As for the "injection of advertising" issue as a argument in favour of the way TLS^2 is being administered on the web, IMO this is a bit silly since (a) it is trivial to filter such advertising (e.g., Javascript in the examples I saw) out out of the page and/or block it from running/connecting/loading and (b) the amount of "tech" company-mediated advertising that web users endure in spite of using TLS is enormous. More likely than being seen as a threat to web users, the injection of advertising by ISPs was seen as a threat to the advertising revenue of "tech" companies. The later are responsible for facilitating the injection of advertising (by their customers, not their competitors, i.e., ISPs), not preventing it.

2. By "TLS administration" I do not mean encryption as a concept nor certificates as a concept. I mean TLS administration measures designed to support "tech" companies first and web users second, if at all. A system where the questions of "threat model" and "trust" are both decided by "tech" companies not users.


> For a text-only blog

If somebody MITMs it, they can serve you anything they want.


> they can serve you anything they want.

Great. More books!

No really, I don't understand this argument. A static site served by plain http is perfectly appropriate. It's like a poster hanging on the wall for all to see. Of course people can paint over it, but it doesn't really matter.


HTTP connections can be used as a weapon against others. One example is China’s Great Cannon.
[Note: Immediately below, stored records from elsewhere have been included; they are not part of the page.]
lemma continuous_on_coeff_square_sum:
  fixes h :: "nat \<Rightarrow> 'a::complex_inner"
  assumes bessel: "bessel_sequence h B" and B: "0 \<le> B"
  shows "continuous_on UNIV (coeff_square_sum h)"
proof -
  have "(sqrt B)-lipschitz_on UNIV (\<lambda>f. sqrt (coeff_square_sum h f))"
  proof (rule lipschitz_onI)
    fix f g :: 'a
    have "sqrt (coeff_square_sum h f) \<le> sqrt (coeff_square_sum h g) + sqrt (coeff_square_sum h (f - g))"
      "sqrt (coeff_square_sum h g) \<le> sqrt (coeff_square_sum h f) + sqrt (coeff_square_sum h (g - f))"
      using sqrt_coeff_square_sum_triangle [OF bessel, of g "f - g"]
        sqrt_coeff_square_sum_triangle [OF bessel, of f "g - f"] by simp_all
    moreover have "sqrt (coeff_square_sum h x) \<le> sqrt B * norm x" for x
      using real_sqrt_le_mono [OF coeff_square_sum_le [OF bessel, of x]] by (simp add: real_sqrt_mult)
    from this [of "f - g"] this [of "g - f"]
    have "sqrt (coeff_square_sum h (f - g)) \<le> sqrt B * dist f g"
      "sqrt (coeff_square_sum h (g - f)) \<le> sqrt B * dist f g"
      by (simp_all add: dist_norm norm_minus_commute)
    ultimately show "dist (sqrt (coeff_square_sum h f)) (sqrt (coeff_square_sum h g)) \<le> sqrt B * dist f g"
      by (simp add: dist_real_def abs_le_iff)
  qed (simp add: B)
  then have "continuous_on UNIV (\<lambda>f. (sqrt (coeff_square_sum h f))\<^sup>2)"
    by (intro continuous_intros lipschitz_on_continuous_on)
  then show ?thesis
    using coeff_square_sum_nonneg [OF bessel] by simp
qed

lemma frame_sequence_if_dense:
  fixes h :: "nat \<Rightarrow> 'a::complex_inner"
  assumes dense: "closure D = UNIV" and bessel: "bessel_sequence h B" and B: "0 \<le> B"
    and lower: "\<And>f. f \<in> D \<Longrightarrow> A * (norm f)\<^sup>2 \<le> coeff_square_sum h f"
  shows "frame_sequence h A B"
proof -
  have "A * (norm f)\<^sup>2 \<le> coeff_square_sum h f" for f
  proof (rule continuous_le_on_dense [OF dense, where F = "\<lambda>f. A * (norm f)\<^sup>2"])
    show "continuous_on UNIV (\<lambda>f::'a. A * (norm f)\<^sup>2)"
      by (intro continuous_intros)
  qed (use continuous_on_coeff_square_sum [OF bessel B] lower in auto)
  then show ?thesis
    using bessel by (simp add: frame_sequence_def coeff_square_sum_def)
qed

lemma bessel_distribution_map_count_space:
  fixes \<omega> :: "nat \<Rightarrow> 'h::complex_inner \<Rightarrow> complex"
  assumes "bessel_distribution_map P D (count_space UNIV) \<omega> B" and f: "f \<in> D"
  shows "summable (\<lambda>n. (cmod (\<omega> n f))\<^sup>2)" and "(\<Sum>n. (cmod (\<omega> n f))\<^sup>2) \<le> B * (norm f)\<^sup>2"
proof -
  have B: "0 < B" and le: "(\<Sum>n. ennreal ((cmod (\<omega> n f))\<^sup>2)) \<le> ennreal (B * (norm f)\<^sup>2)"
    using assms by (simp_all add: bessel_distribution_map_def nn_integral_count_space_nat)
  then show summable: "summable (\<lambda>n. (cmod (\<omega> n f))\<^sup>2)"
    by (intro summable_suminf_not_top) (auto simp: top_unique)
  show "(\<Sum>n. (cmod (\<omega> n f))\<^sup>2) \<le> B * (norm f)\<^sup>2"
    using le B by (simp add: suminf_ennreal2 [OF _ summable] ennreal_le_iff)
qed

lemma bessel_distribution_map_count_space_bounded:
  fixes \<omega> :: "nat \<Rightarrow> 'h::complex_inner \<Rightarrow> complex"
  assumes "bessel_distribution_map P D (count_space UNIV) \<omega> B" and "f \<in> D"
  shows "cmod (\<omega> n f) \<le> sqrt B * norm f"
proof -
  have "(cmod (\<omega> n f))\<^sup>2 \<le> (\<Sum>n. (cmod (\<omega> n f))\<^sup>2)"
    using sum_le_suminf [OF bessel_distribution_map_count_space(1) [OF assms], of "{n}"] by simp
  also have "\<dots> \<le> B * (norm f)\<^sup>2"
    by (rule bessel_distribution_map_count_space(2) [OF assms])
  finally have "cmod (\<omega> n f) \<le> sqrt (B * (norm f)\<^sup>2)"
    by (rule real_le_rsqrt)
  then show ?thesis
    by (simp add: real_sqrt_mult)
qed

lemma distribution_frame_count_space_lower:
  fixes \<omega> :: "nat \<Rightarrow> 'h::complex_inner \<Rightarrow> complex"
  assumes "distribution_frame P D (count_space UNIV) \<omega> A B" and f: "f \<in> D"
  shows "A * (norm f)\<^sup>2 \<le> (\<Sum>n. (cmod (\<omega> n f))\<^sup>2)"
proof -
  have bessel: "bessel_distribution_map P D (count_space UNIV) \<omega> B"
    and le: "ennreal (A * (norm f)\<^sup>2) \<le> (\<Sum>n. ennreal ((cmod (\<omega> n f))\<^sup>2))"
    using assms by (simp_all add: distribution_frame_def nn_integral_count_space_nat)
  have summable: "summable (\<lambda>n. (cmod (\<omega> n f))\<^sup>2)"
    by (rule bessel_distribution_map_count_space(1) [OF bessel f])
  then have "ennreal (A * (norm f)\<^sup>2) \<le> ennreal (\<Sum>n. (cmod (\<omega> n f))\<^sup>2)"
    using le by (simp add: suminf_ennreal2)
  then show ?thesis
    using summable by (simp add: ennreal_le_iff suminf_nonneg)
qed

lemma bessel_distribution_map_count_space_represented:
  fixes D :: "'h::{complex_inner, complete_space} set" and \<omega> :: "nat \<Rightarrow> 'h \<Rightarrow> complex"
  assumes rhs: "rigged_hilbert_space D P"
    and bessel: "bessel_distribution_map P D (count_space UNIV) \<omega> B"
  obtains h where "\<And>n f. f \<in> D \<Longrightarrow> \<omega> n f = cinner (h n) f" "bessel_sequence h B"
proof -
  have sub: "csubspace D" and dense: "closure D = UNIV"
    using rhs by (simp_all add: rigged_hilbert_space_def)
  have "\<exists>h. \<forall>f\<in>D. \<omega> n f = cinner h f" for n
  proof (rule conj_linear_on_dense_represented [OF sub dense])
    show "conj_linear_on D (\<omega> n)"
      using bessel by (simp add: bessel_distribution_map_def dual_space_def)
    show "0 \<le> sqrt B"
      using bessel by (simp add: bessel_distribution_map_def)
  qed (rule bessel_distribution_map_count_space_bounded [OF bessel])
  then obtain h where h: "\<And>n f. f \<in> D \<Longrightarrow> \<omega> n f = cinner (h n) f"
    by metis
  have "bessel_sequence h B"
  proof (rule bessel_sequence_if_dense [OF dense])
    fix f N
    assume f: "f \<in> D"
    have "(\<Sum>n<N. (cmod (cinner f (h n)))\<^sup>2) = (\<Sum>n<N. (cmod (\<omega> n f))\<^sup>2)"
      by (simp add: h [OF f] cmod_cinner_commute)
    also have "\<dots> \<le> (\<Sum>n. (cmod (\<omega> n f))\<^sup>2)"
      by (intro sum_le_suminf bessel_distribution_map_count_space(1) [OF bessel f]) auto
    also have "\<dots> \<le> B * (norm f)\<^sup>2"
      by (rule bessel_distribution_map_count_space(2) [OF bessel f])
    finally show "(\<Sum>n<N. (cmod (cinner f (h n)))\<^sup>2) \<le> B * (norm f)\<^sup>2" .
  qed
  with h show ?thesis
    by (rule that)
qed

theorem proposition2p7:
  fixes D :: "'h::{complex_inner, complete_space} set"
    and P :: "('h \<Rightarrow> real) set"
    and \<omega> :: "nat \<Rightarrow> 'h \<Rightarrow> complex"
    and A B :: real
  assumes rhs: "rigged_hilbert_space D P"
    and refl: "reflexive_lcs P D"
  shows "(bessel_distribution_map P D (count_space UNIV) \<omega> B \<longrightarrow>
           (\<forall>n. \<exists>C. \<forall>f\<in>D. cmod (\<omega> n f) \<le> C * norm f)
         \<and> (\<exists>h :: nat \<Rightarrow> 'h. (\<forall>n. \<forall>f\<in>D. \<omega> n f = cinner (h n) f) \<and> bessel_sequence h B))
       \<and> (distribution_frame P D (count_space UNIV) \<omega> A B \<longrightarrow>
           (\<forall>n. \<exists>C. \<forall>f\<in>D. cmod (\<omega> n f) \<le> C * norm f)
         \<and> (\<exists>h :: nat \<Rightarrow> 'h. (\<forall>n. \<forall>f\<in>D. \<omega> n f = cinner (h n) f) \<and> frame_sequence h A B))"
proof (intro conjI impI)
  assume bessel: "bessel_distribution_map P D (count_space UNIV) \<omega> B"
  show "\<forall>n. \<exists>C. \<forall>f\<in>D. cmod (\<omega> n f) \<le> C * norm f"
    using bessel_distribution_map_count_space_bounded [OF bessel] by blast
  show "\<exists>h. (\<forall>n. \<forall>f\<in>D. \<omega> n f = cinner (h n) f) \<and> bessel_sequence h B"
    using bessel_distribution_map_count_space_represented [OF rhs bessel] by metis
next
  assume frame: "distribution_frame P D (count_space UNIV) \<omega> A B"
  then have bessel: "bessel_distribution_map P D (count_space UNIV) \<omega> B"
    by (simp add: distribution_frame_def)
  show "\<forall>n. \<exists>C. \<forall>f\<in>D. cmod (\<omega> n f) \<le> C * norm f"
    using bessel_distribution_map_count_space_bounded [OF bessel] by blast
  obtain h where h: "\<And>n f. f \<in> D \<Longrightarrow> \<omega> n f = cinner (h n) f" and "bessel_sequence h B"
    using bessel_distribution_map_count_space_represented [OF rhs bessel] by blast
  have "frame_sequence h A B"
  proof (rule frame_sequence_if_dense)
    show "closure D = UNIV"
      using rhs by (simp add: rigged_hilbert_space_def)
    show "0 \<le> B"
      using bessel by (simp add: bessel_distribution_map_def)
    show "A * (norm f)\<^sup>2 \<le> coeff_square_sum h f" if "f \<in> D" for f
      using distribution_frame_count_space_lower [OF frame that]
      by (simp add: coeff_square_sum_def h [OF that] cmod_cinner_commute)
  qed fact
  with h show "\<exists>h. (\<forall>n. \<forall>f\<in>D. \<omega> n f = cinner (h n) f) \<and> frame_sequence h A B"
    by blast
qed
https://citizenlab.ca/2015/04/chinas-great-cannon/


That's quite dated by now. If you are in a position to inject traffic, you are likely also able to simply use that uplink to send traffic of your own. I'd be surprised if this is still in use, especially outside of China (or a poor not-so-tech-savvy country like North Korea) and wasn't just a quick hack at the time.


It's only dated if the vulnerability has been patched. In this case, the only way to patch it is to serve over HTTPS.

If it was a quick hack, then that makes it even worse. Difficulty is a mitigating factor.


They could serve you javascript that exploits your browser. At the very least, they could replace that bitcoin donation address with their own. That's a tempting target if nothing else.


And "they" isn't just your ISP. It's also that free wifi hotspot you connected to, or the hotel service, or your company's network. Even if you trust your ISP (and you probably shouldn't), there are other bad actors to be aware of.


I can confirm this. A friend uses a government backed ISP, and he frequently receives popups announcing local government announcements.


If you think you're high value enough to have someone target you specifically by getting on your LAN or gaining access to (or coercing) an upstream ISP to serve you a browser 0-day reachable only by laying in wait for you to visit an HTTP site because there is no other way in, that's not going to be for a free books website.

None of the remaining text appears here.